Filtering: Not Much Help For Low-Income Renters

Odin Apartments is recent addition to the Ballard rental market, which leads the city with a 17% vacancy rate.
Odin Apartments is a recent addition to the Ballard rental market, which leads the city with a 17% vacancy rate. If we were to expect to see downward price pressure anywhere, it’d be in high vacancy Ballard. However, prices are still high. Studios start at $1,542 at Odin.

Supply-side economists rely on filtering to explain how new construction — which focuses on luxury units — helps create more affordable units in the low end. Building high-end units keeps high-income people from bidding up the prices of mid-range units. In the longer term, new units age; their relative value decreases, and they could filter into mid-range market, easing the housing pressure in that price range. The question is: do mid-range units filter into affordable low-end housing? If so, do enough filter down to take place of the low-end housing lost to be redevelopment for high-end housing? The data — rapidly rising rents and homelessness rates — suggests filtering isn’t sufficient to take care of the housing crisis, at least at our current rate of supply growth.

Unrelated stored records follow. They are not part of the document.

lemma dual_banach_algebra_simps:
  assumes "dual_banach_algebra sc N mul scp Np P"
  shows "sc c 0 = 0" "N 0 = 0" "0 \<le> N x" "mul x 0 = 0" "mul 0 x = 0" "P 0 \<phi> = 0" "P a 0 = 0"
proof -
  have N: "normed_sp sc N" and mul: "\<forall>x y z. mul (x + y) z = mul x z + mul y z"
      "\<forall>x y z. mul x (y + z) = mul x y + mul x z"
    and P: "is_dual_of sc N scp Np P"
    using assms unfolding dual_banach_algebra_def banach_sp_def by auto
  show "sc c 0 = 0"
    using dual_banach_algebra_vector_space[OF assms]
    by (simp add: module.scale_zero_right module_iff_vector_space[symmetric])
  show "N 0 = 0" "0 \<le> N x" using N unfolding normed_sp_def by auto
  show "mul x 0 = 0" "mul 0 x = 0" using mul by (metis add_cancel_right_right)+
  show "P 0 \<phi> = 0" "P a 0 = 0"
    using P unfolding is_dual_of_def bdd_functional_def by (metis add_cancel_right_right)+
qed

lemma dual_derivation_simps:
  assumes "dual_derivation sc N mul D"
  shows "D x (z + w) = D x z + D x w" "D x (sc c z) = c * D x z" "D x 0 = 0"
    "D (x + y) z = D x z + D y z" "D (sc c x) z = c * D x z"
    "D (mul x y) z = D x (mul y z) + D y (mul z x)"
  using assms unfolding dual_derivation_def bdd_functional_def
  by (auto simp del: add_0) (metis add_cancel_right_right)

lemma sigma_wc_transfer:
  assumes y: "y \<in> sigma_wc sc N mul P"
    and s: "continuous_map (wstar_top P') (wstar_top P) s"
    and t: "continuous_map (weak_top sc N) (weak_top sc' N') t"
    and "\<And>c. mul' c y' = t (mul (s c) y)" and "\<And>c. mul' y' c = t (mul y (s c))"
  shows "y' \<in> sigma_wc sc' N' mul' P'"
proof -
  have compose: "continuous_map (wstar_top P') (weak_top sc' N') (t \<circ> (m \<circ> s))"
    if "continuous_map (wstar_top P) (weak_top sc N) m" for m
    using continuous_map_compose[OF continuous_map_compose[OF s that] t] .
  have "(\<lambda>c. mul' c y') = t \<circ> ((\<lambda>c. mul c y) \<circ> s)" "(\<lambda>c. mul' y' c) = t \<circ> ((\<lambda>c. mul y c) \<circ> s)"
    using assms(4,5) by auto
  then show ?thesis
    using y compose[of "\<lambda>c. mul c y"] compose[of "\<lambda>c. mul y c"] unfolding sigma_wc_def by simp
qed

lemma dual_derivation_pullback:
  assumes D: "dual_derivation sc N mul D" and \<iota>: "bdd_linear_map sc' N' sc N \<iota>"
    and hom: "\<And>x y. \<iota> (mul' x y) = mul (\<iota> x) (\<iota> y)" and N_nonneg: "\<And>x. 0 \<le> N x"
  shows "dual_derivation sc' N' mul' (\<lambda>a z. D (\<iota> a) (\<iota> z))"
proof -
  obtain KD where KD: "\<And>x z. norm (D x z) \<le> KD * N x * N z"
    using D unfolding dual_derivation_def by blast
  obtain K where K: "\<And>x. N (\<iota> x) \<le> K * N' x" using \<iota> unfolding bdd_linear_map_def by blast
  have K': "N (\<iota> x) \<le> K * N' x" "0 \<le> K * N' x" for x
    using K[of x] N_nonneg[of "\<iota> x"] by auto
  have bound: "norm (D (\<iota> a) (\<iota> z)) \<le> (max KD 0 * K * K) * N' a * N' z" for a z
  proof -
    have "norm (D (\<iota> a) (\<iota> z)) \<le> max KD 0 * N (\<iota> a) * N (\<iota> z)"
      using KD[of "\<iota> a" "\<iota> z"] by (rule order_trans) (simp add: mult_right_mono N_nonneg)
    also have "\<dots> \<le> (max KD 0 * (K * N' a)) * (K * N' z)"
      using K' N_nonneg by (intro mult_mono mult_left_mono) auto
    finally show ?thesis by (simp only: ac_simps)
  qed
  have "bdd_functional sc' N' (\<lambda>z. D (\<iota> a) (\<iota> z))" for a
    using bdd_functional_compose[of sc N "D (\<iota> a)" sc' N' \<iota>] D \<iota> N_nonneg
    unfolding dual_derivation_def by (simp add: o_def)
  moreover have "\<iota> (x + y) = \<iota> x + \<iota> y" "\<iota> (sc' c x) = sc c (\<iota> x)" for c x y
    using \<iota> unfolding bdd_linear_map_def by auto
  ultimately show ?thesis
    unfolding dual_derivation_def
    by (intro conjI allI exI[of _ "max KD 0 * K * K"] bound) (simp_all add: dual_derivation_simps[OF D] hom)
qed

text \<open>For S = sigma_wc C this says that j_C \<circ> D is the inner derivation implemented by
  f \<in> sigma_wc(C)^*.\<close>
definition inner_on :: "('k::real_normed_field \<Rightarrow> 'a::ab_group_add \<Rightarrow> 'a) \<Rightarrow> ('a \<Rightarrow> real)
    \<Rightarrow> ('a \<Rightarrow> 'a \<Rightarrow> 'a) \<Rightarrow> 'a set \<Rightarrow> ('a \<Rightarrow> 'a \<Rightarrow> 'k) \<Rightarrow> ('a \<Rightarrow> 'k) \<Rightarrow> bool" where
  "inner_on sc N mul S D f \<longleftrightarrow>
     (\<forall>x\<in>S. \<forall>y\<in>S. f (x + y) = f x + f y) \<and> (\<forall>c. \<forall>x\<in>S. f (sc c x) = c * f x)
   \<and> (\<exists>K. \<forall>x\<in>S. norm (f x) \<le> K * N x) \<and> (\<forall>c. \<forall>y\<in>S. D c y = f (mul y c) - f (mul c y))"

lemma weakly_connes_amenable_iff_inner_on:
  "weakly_connes_amenable sc N mul P \<longleftrightarrow>
     (\<forall>D. dual_derivation sc N mul D
        \<and> (\<forall>y\<in>sigma_wc sc N mul P. continuous_map (wstar_top P) euclidean (\<lambda>c. D c y))
      \<longrightarrow> (\<exists>f. inner_on sc N mul (sigma_wc sc N mul P) D f))"
  unfolding weakly_connes_amenable_def inner_on_def ..

lemma weakly_connes_amenable_pullback_inner_on:
  assumes wca: "weakly_connes_amenable sc' N' mul' P'"
    and D: "dual_derivation sc N mul D"
    and cont_D: "\<forall>y\<in>sigma_wc sc N mul P. continuous_map (wstar_top P) euclidean (\<lambda>c. D c y)"
    and \<iota>: "bdd_linear_map sc' N' sc N \<iota>" and hom: "\<And>x y. \<iota> (mul' x y) = mul (\<iota> x) (\<iota> y)"
    and N_nonneg: "\<And>x. 0 \<le> N x"
    and cont_\<iota>: "continuous_map (wstar_top P') (wstar_top P) \<iota>"
    and sigma_\<iota>: "\<And>y. y \<in> sigma_wc sc' N' mul' P' \<Longrightarrow> \<iota> y \<in> sigma_wc sc N mul P"
  obtains f where "inner_on sc' N' mul' (sigma_wc sc' N' mul' P') (\<lambda>a z. D (\<iota> a) (\<iota> z)) f"
proof -
  have "continuous_map (wstar_top P') euclidean (\<lambda>c. D (\<iota> c) (\<iota> y))"
    if "y \<in> sigma_wc sc' N' mul' P'" for y
    using continuous_map_compose[OF cont_\<iota> cont_D[rule_format, OF sigma_\<iota>[OF that]]]
    by (simp add: o_def)
  moreover have "dual_derivation sc' N' mul' (\<lambda>a z. D (\<iota> a) (\<iota> z))"
    by (rule dual_derivation_pullback[of sc N mul D sc' N' \<iota> mul', OF D \<iota> hom N_nonneg])
  ultimately have "\<exists>f. inner_on sc' N' mul' (sigma_wc sc' N' mul' P') (\<lambda>a z. D (\<iota> a) (\<iota> z)) f"
    using wca[unfolded weakly_connes_amenable_iff_inner_on, THEN spec[where x = "\<lambda>a z. D (\<iota> a) (\<iota> z)"]]
    by simp
  then show ?thesis using that by blast
qed

lemma linear_functional_vanishing_on_products_eq_0:
  fixes h :: "'a::ab_group_add \<Rightarrow> 'k::real_normed_field"
  assumes vs: "vector_space sc" and dense: "sq_wstar_dense sc mul P"
    and cont: "continuous_map (wstar_top P) euclidean h"
    and add: "\<And>x y. h (x + y) = h x + h y" and scale: "\<And>c x. h (sc c x) = c * h x"
    and prod: "\<And>x y. h (mul x y) = 0"
  shows "h a = 0"
proof -
  have "h 0 = 0" using add by (metis add_cancel_right_right)
  have "h x = 0" if "x \<in> module.span sc {mul a b | a b. True}" for x
    using vs[unfolded module_iff_vector_space[symmetric]] that
    by (rule module.span_induct_alt[where h = "\<lambda>x. h x = 0"]) (auto simp: add scale prod \<open>h 0 = 0\<close>)
  then have "module.span sc {mul a b | a b. True} \<subseteq> {a. h a = 0}" by blast
  moreover have "closedin (wstar_top P) {a. h a = 0}"
    using closedin_continuous_map_preimage[OF cont, of "{0}"] by simp
  ultimately have "(wstar_top P) closure_of (module.span sc {mul a b | a b. True}) \<subseteq> {a. h a = 0}"
    by (rule closure_of_minimal)
  with dense show ?thesis unfolding sq_wstar_dense_def by auto
qed

lemma dual_derivation_vanishes_on_annihilator:
  assumes D: "dual_derivation sc N mul D"
    and vs: "vector_space sc'" and dense: "sq_wstar_dense sc' mul' P'"
    and \<iota>: "bdd_linear_map sc' N' sc N \<iota>" and hom: "\<And>x y. \<iota> (mul' x y) = mul (\<iota> x) (\<iota> y)"
    and cont_\<iota>: "continuous_map (wstar_top P') (wstar_top P) \<iota>"
    and cont_D: "continuous_map (wstar_top P) euclidean (\<lambda>c. D c z)"
    and annihilates: "\<And>x. mul (\<iota> x) z = 0" "\<And>x. mul z (\<iota> x) = 0"
  shows "D (\<iota> a) z = 0"
proof (rule linear_functional_vanishing_on_products_eq_0[OF vs dense, where h = "\<lambda>a. D (\<iota> a) z"])
  show "continuous_map (wstar_top P') euclidean (\<lambda>a. D (\<iota> a) z)"
    using continuous_map_compose[OF cont_\<iota> cont_D] by (simp add: o_def)
  show "D (\<iota> (x + y)) z = D (\<iota> x) z + D (\<iota> y) z" "D (\<iota> (sc' c x)) z = c * D (\<iota> x) z" for c x y
    using \<iota> dual_derivation_simps[OF D] unfolding bdd_linear_map_def by auto
  show "D (\<iota> (mul' x y)) z = 0" for x y
    using dual_derivation_simps[OF D] by (simp add: hom annihilates)
qed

If Seattle existed in a vacuum, filtering would work better. The demand would be more stable, and aging units would have the time to filter down to low-income renters. However, the reality is that Seattle’s population is growing rapidly at all income levels; tens of thousands are migrating from other cities seeking jobs in the booming economy. Demand for Seattle housing is so high that supply has a hard time keeping up.

Even in a booming economy with sky-high demand, developers are extremely careful to avoid oversupply. We saw Puget Sound Business Journal sound the alarm bells at the end of 2015 when the luxury market fundamentals lagged ever so slightly. Generally, supply rarely outstrips demand too significantly except when demand plummets unexpectedly, such as during an economic recession. Even when recession hits, developers adjust quickly and bail on the projects they have in the pipeline since they fear they will not garner the rents they want. The Civic Square tower might be standing today if the 2008 recession had not hit, drying up financing and stalling the project.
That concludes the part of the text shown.